Wenn Michael Kiwanuka das sagt, klingt es fast, als hätte er einen Soundtrack zu einem Selbstmotivationskurs eingespielt, voller positiver, mitreißender Lieder. Doch so ist es zum Glück nicht. Viel mehr macht dieses Album da weiter, wo der Vorgänger "Love & Hate" aufgehört hat. Auch diesmal hat er zusammen mit dem Überproduzenten Danger Mouse ein zeitloses Soulalbum mit orchestralen Streichern, Bläsern und einer Harfe eingespielt. Den Instrumenten wird viel Raum gelassen, teilweise sind die Stücke bis zu sieben Minuten lang. Lieder entwickeln sich. Schleichen sich fast heran und gewinnen dann immer mehr an Präsenz.
So persönlich wie noch nie
Musikalisch ist auf dem neuen Album kaum eine Weiterentwicklung zu hören. Das Erfolgskonzept des Vorgängers wird einfach weitergeführt. Textlich dagegen ist Michael Kiwanuka mutiger geworden, öffnet sich seinem Publikum und ist so persönlich, wie noch nie. Zum Beispiel in dem Lied "You Ain′t the Problem" - du bist nicht das Problem.
"Schon als ich zur Schule ging, war mir bewusst, dass ich anders war. Ich bin in einer typischen britischen Mittelklasse-Gegend aufgewachsen. Die anderen Eltern hatten zwei Autos, wir hatten gar keins. Jeder in meiner Klasse hatte sein eigenes Zimmer, meine ganze Familie hat in einem Zimmer gelebt. Die anderen Eltern hatten alle gut bezahlte Jobs, meine Eltern waren Gelegenheitsarbeiter. Unser Familienleben war wunderbar, aber als Kind will man einfach nur so sein, wie die anderen Kinder in der Schule."

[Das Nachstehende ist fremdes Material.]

(* Let $n\ge1$. The map $\varphi:\Pi_n\to\Pi_n$ described below is well defined (at every step $i\in\mathcal C(\pi)\cup\mathcal T(\pi)$ the current vacant set $V'$ has at least $\gamma_i(\pi)$ elements, and the resulting set of edges is the edge set of a partition of $[n]$), it is an involution, and it preserves the type: $\lambda(\varphi(\pi))=\lambda(\pi)$ for all $\pi\in\Pi_n$. Construction of $\varphi(\pi)$: start with $V'=\emptyset$ and an empty edge set $E'$. For $i=1,2,\dots,n$: if $i$ is an opener of $\pi$, add $i$ to $V'$; if $i$ is a singleton of $\pi$, do nothing; if $i$ is a closer or transient of $\pi$, let $x$ be the $\gamma_i(\pi)$-th largest element of $V'$, add the edge $(x,i)$ to $E'$ and remove $x$ from $V'$, and moreover if $i$ is a transient of $\pi$, add $i$ to $V'$. Then $\varphi(\pi)$ is the partition of $[n]$ whose edges are exactly $E'$ (blocks are the connected components of the graph $([n],E')$).
   Context: A partition of $[n]=\{1,\dots,n\}$ is a set of pairwise disjoint nonempty subsets (blocks) of $[n]$ whose union is $[n]$; $\Pi_n$ is the set of partitions of $[n]$. The edges of $\pi$ are the pairs $(i,j)$, $i<j$, with $i,j$ consecutive elements of the same block. For a block $B$ with $|B|\ge2$, its minimum is an opener, its maximum is a closer, its other elements are transients; the element of a one-element block is a singleton. $\mathcal O(\pi),\mathcal C(\pi),\mathcal S(\pi),\mathcal T(\pi)$ are the sets of openers, closers, singletons, transients, and $\lambda(\pi)=(\mathcal O(\pi),\mathcal C(\pi),\mathcal S(\pi),\mathcal T(\pi))$ is the type of $\pi$. For $i\in[n]$, the vacant vertices of $\pi$ before $i$ are the elements $x\le i-1$ which are the left endpoint of an edge $(x,y)$ of $\pi$ with $y\ge i$. If $i\in\mathcal C(\pi)\cup\mathcal T(\pi)$, there is a unique edge $(j,i)$ of $\pi$ with $j<i$, and $\gamma_i(\pi)$ denotes the rank of $j$ among the vacant vertices of $\pi$ before $i$, listed in increasing order (so $\gamma_i(\pi)=1$ if $j$ is the smallest one). *)

theory Defs
  imports Main "HOL-Library.Disjoint_Sets"
begin

type_synonym setpart = "nat set set"

definition Partitions :: "nat \<Rightarrow> setpart set" where
  "Partitions n = {P. partition_on {1..n} P}"

definition edges :: "setpart \<Rightarrow> (nat \<times> nat) set" where
  "edges P = {(i, j). i < j \<and> (\<exists>B\<in>P. i \<in> B \<and> j \<in> B \<and> \<not> (\<exists>k\<in>B. i < k \<and> k < j))}"

definition openers :: "setpart \<Rightarrow> nat set" where
  "openers P = {Min B | B. B \<in> P \<and> card B \<ge> 2}"

definition closers :: "setpart \<Rightarrow> nat set" where
  "closers P = {Max B | B. B \<in> P \<and> card B \<ge> 2}"

definition singletons :: "setpart \<Rightarrow> nat set" where
  "singletons P = {x. {x} \<in> P}"

definition transients :: "setpart \<Rightarrow> nat set" where
  "transients P = {x. \<exists>B\<in>P. x \<in> B \<and> card B \<ge> 2 \<and> x \<noteq> Min B \<and> x \<noteq> Max B}"

definition ptype :: "setpart \<Rightarrow> nat set \<times> nat set \<times> nat set \<times> nat set" where
  "ptype P = (openers P, closers P, singletons P, transients P)"

definition vacant :: "setpart \<Rightarrow> nat \<Rightarrow> nat set" where
  "vacant P i = {x. x < i \<and> (\<exists>y. (x, y) \<in> edges P \<and> y \<ge> i)}"

text \<open>The unique j with (j,i) an edge (for closers/transients).\<close>
definition pred_vertex :: "setpart \<Rightarrow> nat \<Rightarrow> nat" where
  "pred_vertex P i = (THE j. (j, i) \<in> edges P)"

definition gamma :: "setpart \<Rightarrow> nat \<Rightarrow> nat" where
  "gamma P i = card {x \<in> vacant P i. x \<le> pred_vertex P i}"

definition kth_largest :: "nat set \<Rightarrow> nat \<Rightarrow> nat" where
  "kth_largest V k = rev (sorted_list_of_set V) ! (k - 1)"

definition phi_step :: "setpart \<Rightarrow> nat set \<times> (nat \<times> nat) set \<Rightarrow> nat \<Rightarrow> nat set \<times> (nat \<times> nat) set" where
  "phi_step P st i =
     (let V = fst st; E = snd st in
      if i \<in> openers P then (insert i V, E)
      else if i \<in> closers P \<union> transients P then
        (let x = kth_largest V (gamma P i) in
          ((V - {x}) \<union> (if i \<in> transients P then {i} else {}), insert (x, i) E))
      else (V, E))"

definition phi_state :: "setpart \<Rightarrow> nat \<Rightarrow> nat set \<times> (nat \<times> nat) set" where
  "phi_state P m = foldl (phi_step P) ({}, {}) [1..<Suc m]"

definition components_partition :: "nat \<Rightarrow> (nat \<times> nat) set \<Rightarrow> setpart" where
  "components_partition n E = {(E \<union> E\<inverse>)\<^sup>* `` {x} \<inter> {1..n} | x. x \<in> {1..n}}"

definition phi :: "nat \<Rightarrow> setpart \<Rightarrow> setpart" where
  "phi n P = components_partition n (snd (phi_state P n))"

end

theory Submission
  imports Defs
begin

text \<open>
  A partition is determined by its edges, which form an arc diagram: arcs x < y inside {1..n}
  with at most one arc leaving and at most one arc entering each vertex. Conversely, the
  connected components of an arc diagram form a partition whose edges are exactly its arcs.
  Openers, closers, transients and singletons are the vertices that are only left endpoints,
  only right endpoints, both, or neither.

  Processing i = 1, ..., n, the construction keeps V' equal to the set of left endpoints below i
  whose arc has not been drawn yet, while the arcs drawn so far end exactly at the right
  endpoints below i. Hence |V'| is the number of vacant vertices before i, which is at least
  gamma_i, and after step n every left endpoint has been used: phi(pi) has the same left and
  right endpoints as pi, that is, the same type.

  Moreover V' before step i is exactly the vacant set of phi(pi) before i, and the arc into i
  starts at the element of V' of rank gamma_i(pi) from the top. So
  gamma_i(phi(pi)) = |V'| + 1 - gamma_i(pi), and the construction run on phi(pi) picks the
  element of rank gamma_i(pi) from the bottom of the vacant set of pi, which is the
  predecessor of i in pi.
\<close>

section \<open>Ranks in finite sets of naturals\<close>

lemma card_le_nth_sorted:
  fixes s :: "nat list"
  assumes sorted: "sorted_wrt (<) s" and j: "j < length s"
  shows "card {v \<in> set s. v \<le> s ! j} = Suc j"
proof -
  have "{v \<in> set s. v \<le> s ! j} = (!) s ` {..j}"
  proof (intro set_eqI iffI)
    fix v assume "v \<in> {v \<in> set s. v \<le> s ! j}"
    then obtain k where k: "k < length s" "v = s ! k" "s ! k \<le> s ! j"
      by (auto simp: in_set_conv_nth)
    then have "k \<le> j"
      using sorted j by (metis not_le_imp_less sorted_wrt_nth_less leD)
    then show "v \<in> (!) s ` {..j}" using k by auto
  next
    fix v assume "v \<in> (!) s ` {..j}"
    then obtain k where "k \<le> j" "v = s ! k" by auto
    then show "v \<in> {v \<in> set s. v \<le> s ! j}"
      using sorted j by (auto simp: le_less sorted_wrt_nth_less)
  qed
  moreover have "inj_on ((!) s) {..j}"
    using sorted j by (auto simp: inj_on_def strict_sorted_iff nth_eq_iff_index_eq)
  ultimately show ?thesis by (simp add: card_image)
qed

lemma kth_largest_eq_nth:
  assumes "finite V" "1 \<le> k" "k \<le> card V"
  shows "kth_largest V k = sorted_list_of_set V ! (card V - k)"
  using assms by (simp add: kth_largest_def rev_nth Suc_diff_Suc)

lemma kth_largest_mem_rank:
  assumes "finite V" "1 \<le> k" "k \<le> card V"
  shows "kth_largest V k \<in> V" "card {v \<in> V. v \<le> kth_largest V k} = card V + 1 - k"
proof -
  let ?s = "sorted_list_of_set V"
  have j: "card V - k < length ?s" using assms by simp
  show "kth_largest V k \<in> V"
    using nth_mem[OF j] assms by (simp add: kth_largest_eq_nth)
  show "card {v \<in> V. v \<le> kth_largest V k} = card V + 1 - k"
    using card_le_nth_sorted[OF _ j] assms by (simp add: kth_largest_eq_nth)
qed

lemma kth_largest_rank:
  assumes "finite V" "x \<in> V"
  shows "kth_largest V (card V + 1 - card {v \<in> V. v \<le> x}) = x"
proof -
  let ?s = "sorted_list_of_set V"
  obtain j where j: "j < length ?s" "?s ! j = x"
    using assms by (metis in_set_conv_nth set_sorted_list_of_set)
  have "card {v \<in> V. v \<le> x} = Suc j"
    using card_le_nth_sorted[OF _ j(1)] j assms by simp
  then show ?thesis
    using j assms by (simp add: kth_largest_def rev_nth)
qed

section \<open>Arc diagrams\<close>

definition arc_diagram :: "nat \<Rightarrow> (nat \<times> nat) set \<Rightarrow> bool" where
  "arc_diagram n F \<longleftrightarrow>
     F \<subseteq> {(x, y). 1 \<le> x \<and> x < y \<and> y \<le> n} \<and> single_valued F \<and> single_valued (F\<inverse>)"

lemma arc_diagramD:
  assumes "arc_diagram n F"
  shows "(x, y) \<in> F \<Longrightarrow> 1 \<le> x \<and> x < y \<and> y \<le> n"
    and "(x, y) \<in> F \<Longrightarrow> (x, z) \<in> F \<Longrightarrow> y = z"
    and "(x, z) \<in> F \<Longrightarrow> (y, z) \<in> F \<Longrightarrow> x = y"
  using assms unfolding arc_diagram_def single_valued_def by auto

lemma arc_diagram_mono: "arc_diagram m F \<Longrightarrow> m \<le> n \<Longrightarrow> arc_diagram n F"
  unfolding arc_diagram_def by auto

lemma arc_diagram_insert:
  assumes "arc_diagram n F" "1 \<le> x" "x < y" "y \<le> n" "x \<notin> Domain F" "y \<notin> Range F"
  shows "arc_diagram n (insert (x, y) F)"
  using assms unfolding arc_diagram_def single_valued_def by (auto simp: Domain_iff Range_iff)

lemma card_Domain_eq_card_Range:
  assumes "arc_diagram n F"
  shows "card (Domain F) = card (Range F)"
proof -
  have "F \<subseteq> {1..n} \<times> {1..n}" using assms unfolding arc_diagram_def by auto
  then have "finite F" by (rule finite_subset) simp
  moreover have "inj_on fst F" "inj_on snd F"
    using arc_diagramD(2,3)[OF assms] by (auto simp: inj_on_def)
  ultimately show ?thesis by (simp add: Domain_fst Range_snd card_image)
qed

lemma arc_diagram_subset: "arc_diagram n F \<Longrightarrow> G \<subseteq> F \<Longrightarrow> arc_diagram n G"
  unfolding arc_diagram_def by (meson converse_mono order_trans single_valued_subset)

lemma card_Diff_Domain:
  assumes "arc_diagram n E" "finite A" "Domain E \<subseteq> A"
  shows "card (A - Domain E) = card A - card (Range E)"
  using assms card_Domain_eq_card_Range[OF assms(1)]
  by (simp add: card_Diff_subset finite_subset)

lemma arc_diagram_trancl_less:
  assumes "arc_diagram n F" "(x, y) \<in> F\<^sup>+"
  shows "x < y"
proof -
  have "F \<subseteq> {(x, y). x < y}" using assms(1) unfolding arc_diagram_def by auto
  then have "F\<^sup>+ \<subseteq> {(x, y). x < y}\<^sup>+" by (rule trancl_mono_subset)
  also have "\<dots> = {(x, y). x < y}" by (rule trancl_id) (auto intro: transI)
  finally show ?thesis using assms(2) by auto
qed

lemma arc_diagram_component_rtrancl:
  assumes F: "arc_diagram n F" and xy: "(x, y) \<in> (F \<union> F\<inverse>)\<^sup>*"
  shows "(x, y) \<in> F\<^sup>* \<or> (y, x) \<in> F\<^sup>*"
  using xy
proof (induction rule: rtrancl_induct)
  case (step y z)
  have sv: "single_valued F" "single_valued (F\<inverse>)" using F unfolding arc_diagram_def by auto
  from step.hyps(2) show ?case
  proof
    assume yz: "(y, z) \<in> F"
    then show ?thesis
      using step.IH single_valued_confluent[OF sv(1), of y x z] by (auto intro: rtrancl_into_rtrancl)
  next
    assume "(y, z) \<in> F\<inverse>"
    then show ?thesis
      using step.IH single_valued_confluent[OF sv(2), of y x z]
      by (auto simp: rtrancl_converse intro: converse_rtrancl_into_rtrancl)
  qed
qed simp

lemma arc_diagram_component_trancl:
  assumes F: "arc_diagram n F" and xy: "(x, y) \<in> (F \<union> F\<inverse>)\<^sup>*" and "x < y"
  shows "(x, y) \<in> F\<^sup>+"
  using arc_diagram_component_rtrancl[OF F xy] arc_diagram_trancl_less[OF F, of y x] \<open>x < y\<close>
  by (auto simp: rtrancl_eq_or_trancl)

"Später als Musiker habe ich in den sozialen Medien wie Instagram ständig geschaut, was andere Musiker machen und hab mich mit denen verglichen. Viele Menschen machen das. Aber ich bin das alles leid. Ich möchte mich einfach so akzeptieren, wie ich bin. Ich muss da noch viel lernen, bis ich ehrlich sagen kann: Ich bin ich und das ist in Ordnung."

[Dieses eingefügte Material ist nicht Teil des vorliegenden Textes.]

(* Let $\mathbf{x}$ be a feasible solution of $\textsc{Dir-MC-Rel}$. For each edge $e=(u,v)\in E$, let $a_1(u)\le a_2(u)$ be the two smallest values in the multiset $\{d_G(s_1,u),\dots,d_G(s_k,u)\}$, and define $I_1(e)=[a_1(u),a_1(u)+x_e)$ and $I_2(e)=[a_2(u),a_2(u)+x_e)$. For $\theta\in(0,1)$ let $C'(\theta)=\{e\in E:\theta\in I_1(e)\cup I_2(e)\}$. Then for every $\theta\in(0,1)$, $C'(\theta)\supseteq C(\theta)$ and $C'(\theta)$ is a directed multiway cut; and if $\theta$ is uniform on $(0,1)$ then $\Pr[e\in C'(\theta)]\le 2x_e$ for every $e\in E$, so $\mathbb{E}[w(C'(\theta))]\le 2\sum_e w_ex_e$.
   Context: $G=(V,E)$ is a directed graph with non-negative edge weights $w_e$ and distinct terminals $s_1,\dots,s_k$, $k\ge2$. A directed multiway cut is $E'\subseteq E$ such that $G-E'$ has no directed path from $s_i$ to $s_j$ for $i\neq j$; $w(E')=\sum_{e\in E'}w_e$. For $i\neq j$, $\mathcal{P}_{ij}$ is the set of directed paths from $s_i$ to $s_j$ in $G$. $\textsc{Dir-MC-Rel}$: minimize $\sum_e w_e x_e$ s.t. $\sum_{e\in p}x_e\ge1$ for all $p\in\mathcal{P}_{ij}$, $i\ne j$, and $x\ge0$. $d_G(a,b)$ is the shortest directed path length from $a$ to $b$ in $G$ with edge lengths $\mathbf{x}$ ($+\infty$ if none). Form $G^+$ by adding new vertices $t_1,\dots,t_k$ and edges $(t_i,s_j)$ for all $i\neq j$ with $x$-value $0$; $d$ denotes shortest-path distance in $G^+$ w.r.t. $\mathbf{x}$; $B(v,r)=\{u:d(v,u)\le r\}$; $\delta^+(A)$ is the set of edges of $G^+$ with tail in $A$ and head outside $A$; $C(\theta)=\bigcup_{i=1}^k\delta^+(B(t_i,\theta))$. *)

theory Defs
  imports "HOL-Analysis.Analysis"
begin
lemma two_K2_free_pullback:
  assumes "two_K2_free V E" "inj_on f Y" "f ` Y \<subseteq> V"
  shows "two_K2_free Y (\<lambda>a b. E (f a) (f b))"
  unfolding two_K2_free_def
proof clarify
  fix a b c d
  assume Y: "a \<in> Y" "b \<in> Y" "c \<in> Y" "d \<in> Y" and "distinct [a, b, c, d]"
    and edges: "E (f a) (f b)" "E (f c) (f d)"
    and non_edges: "\<not> E (f a) (f c)" "\<not> E (f a) (f d)" "\<not> E (f b) (f c)" "\<not> E (f b) (f d)"
  moreover have "inj_on f {a, b, c, d}"
    using assms(2) Y by (meson inj_on_subset empty_subsetI insert_subset)
  ultimately have "distinct (map f [a, b, c, d])"
    by (simp only: distinct_map) simp
  then show False
    using two_K2_freeD[OF assms(1), of "f a" "f b" "f c" "f d"] Y assms(3) edges non_edges
    by auto
qed

lemma card_le_alpha:
  assumes "simple_graph V E" "independent_set V E S"
  shows "card S \<le> alpha V E"
proof -
  have "{S. independent_set V E S} \<subseteq> Pow V"
    unfolding independent_set_def by blast
  then have "finite (card ` {S. independent_set V E S})"
    using simple_graphD(1)[OF assms(1)] by (meson finite_Pow_iff finite_imageI finite_subset)
  then show ?thesis
    using assms(2) unfolding alpha_def by (intro Max_ge) auto
qed

definition non_isolated :: "('a \<Rightarrow> 'a \<Rightarrow> bool) \<Rightarrow> 'a set \<Rightarrow> 'a set" where
  "non_isolated E X = {y \<in> X. \<exists>x\<in>X. E y x}"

Die Erwartungen an Michael Kiwanukas neues Album waren hoch. Gerade weil sein letztes Album so außergewöhnlich war. Hätte es dieses Vorgängeralbum "Love & Hate" nicht gegeben, könnte man durchaus auch das neue Album als außergewöhnlich bezeichnen. Aber so ist "Kiwanuka" eben nicht außergewöhnlich anders. Nichtsdestotrotz hat es Michael Kiwanuka auch diesmal geschafft, ein Album mit hohem Wiedererkennungswert vorzulegen. Soulmusik irgendwo zwischen 1960 und heute, mit einer unverwechselbaren Stimme. Und dann schaut man auf das Albumcover mit einem königsähnlichen Gemälde des Musikers und denkt sich: Michael Kiwanuka – der neue König des Souls? Warum nicht?